There is a issue open for this on Helm's Github.
https://github.com/kubernetes/helm/issues/2224
"When installing a cluster for the first time using kubeadm v1.6.1,
the initialization defaults to setting up RBAC controlled access,
which messes with permissions needed by Tiller to do installations,
scan for installed components, and so on. helm init works without
issue, but helm list, helm install, and so on all do not work, citing
some missing permission or another."
A temporary work around has been suggest:
"We "disable" RBAC using the command kubectl create clusterrolebinding
permissive-binding --clusterrole=cluster-admin --user=admin
--user=kubelet --group=system:serviceaccounts;"

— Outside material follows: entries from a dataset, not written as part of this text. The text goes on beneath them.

lemma Ck_add:
  fixes f g :: "'a::real_normed_vector \<Rightarrow> 'b::real_normed_vector"
  shows "Ck k f \<Longrightarrow> Ck k g \<Longrightarrow> Ck k (\<lambda>x. f x + g x)"
proof (induction k arbitrary: f g)
  case 0
  then show ?case by (simp add: continuous_on_add)
next
  case (Suc k)
  show ?case
    by (rule Ck_SucI[OF has_derivative_add[OF Ck_Suc_has_derivative Ck_Suc_has_derivative]])
      (use Suc in auto)
qed

lemma Ck_scaleR:
  fixes a :: "'a::real_normed_vector \<Rightarrow> real" and g :: "'a \<Rightarrow> 'b::real_normed_vector"
  shows "Ck k a \<Longrightarrow> Ck k g \<Longrightarrow> Ck k (\<lambda>x. a x *\<^sub>R g x)"
proof (induction k arbitrary: a g)
  case 0
  then show ?case by (simp add: continuous_on_scaleR)
next
  case (Suc k)
  have "Ck k a" "Ck k g"
    using Suc.prems Ck_SucD by blast+
  then show ?case
    by (intro Ck_SucI[OF has_derivative_scaleR[OF Ck_Suc_has_derivative Ck_Suc_has_derivative]])
      (use Suc in \<open>auto intro!: Ck_add Suc.IH\<close>)
qed

lemma Ck_mult:
  fixes a b :: "'a::real_normed_vector \<Rightarrow> real"
  shows "Ck k a \<Longrightarrow> Ck k b \<Longrightarrow> Ck k (\<lambda>x. a x * b x)"
  using Ck_scaleR[of k a b] by simp

lemma Ck_sum:
  fixes f :: "'i \<Rightarrow> 'a::real_normed_vector \<Rightarrow> 'b::real_normed_vector"
  shows "(\<And>i. i \<in> S \<Longrightarrow> Ck k (f i)) \<Longrightarrow> Ck k (\<lambda>x. \<Sum>i\<in>S. f i x)"
  by (induction S rule: infinite_finite_induct) (simp_all add: Ck_const Ck_add)

lemma Ck_bounded_linear:
  fixes g :: "'a::real_normed_vector \<Rightarrow> 'b::real_normed_vector" and L :: "'b \<Rightarrow> 'c::real_normed_vector"
  assumes L: "bounded_linear L"
  shows "Ck k g \<Longrightarrow> Ck k (\<lambda>x. L (g x))"
proof (induction k arbitrary: g)
  case 0
  then show ?case using L by (simp add: bounded_linear.continuous_on)
next
  case (Suc k)
  show ?case
    by (rule Ck_SucI[OF bounded_linear.has_derivative[OF L Ck_Suc_has_derivative]])
      (use Suc in auto)
qed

But I can not speak for it's validity. The good news is that this is a known issue and work is being done to fix it. Hope this helps.
I had the same issue with the kubeadm setup on to CentOS 7.
Helm doesn't make a service account when you "helm init" and the default one doesn't have the permissions to read from the configmaps - so it will fail to be able to run a check to see if the deployment name it wants to use is unique.
This got me past it:
kubectl create clusterrolebinding add-on-cluster-admin \
--clusterrole=cluster-admin \
--serviceaccount=kube-system:default
But that is giving the default account tons of power, I just did this so I could get on with my work. Helm needs to add the creation of their own service account to the "helm init" code.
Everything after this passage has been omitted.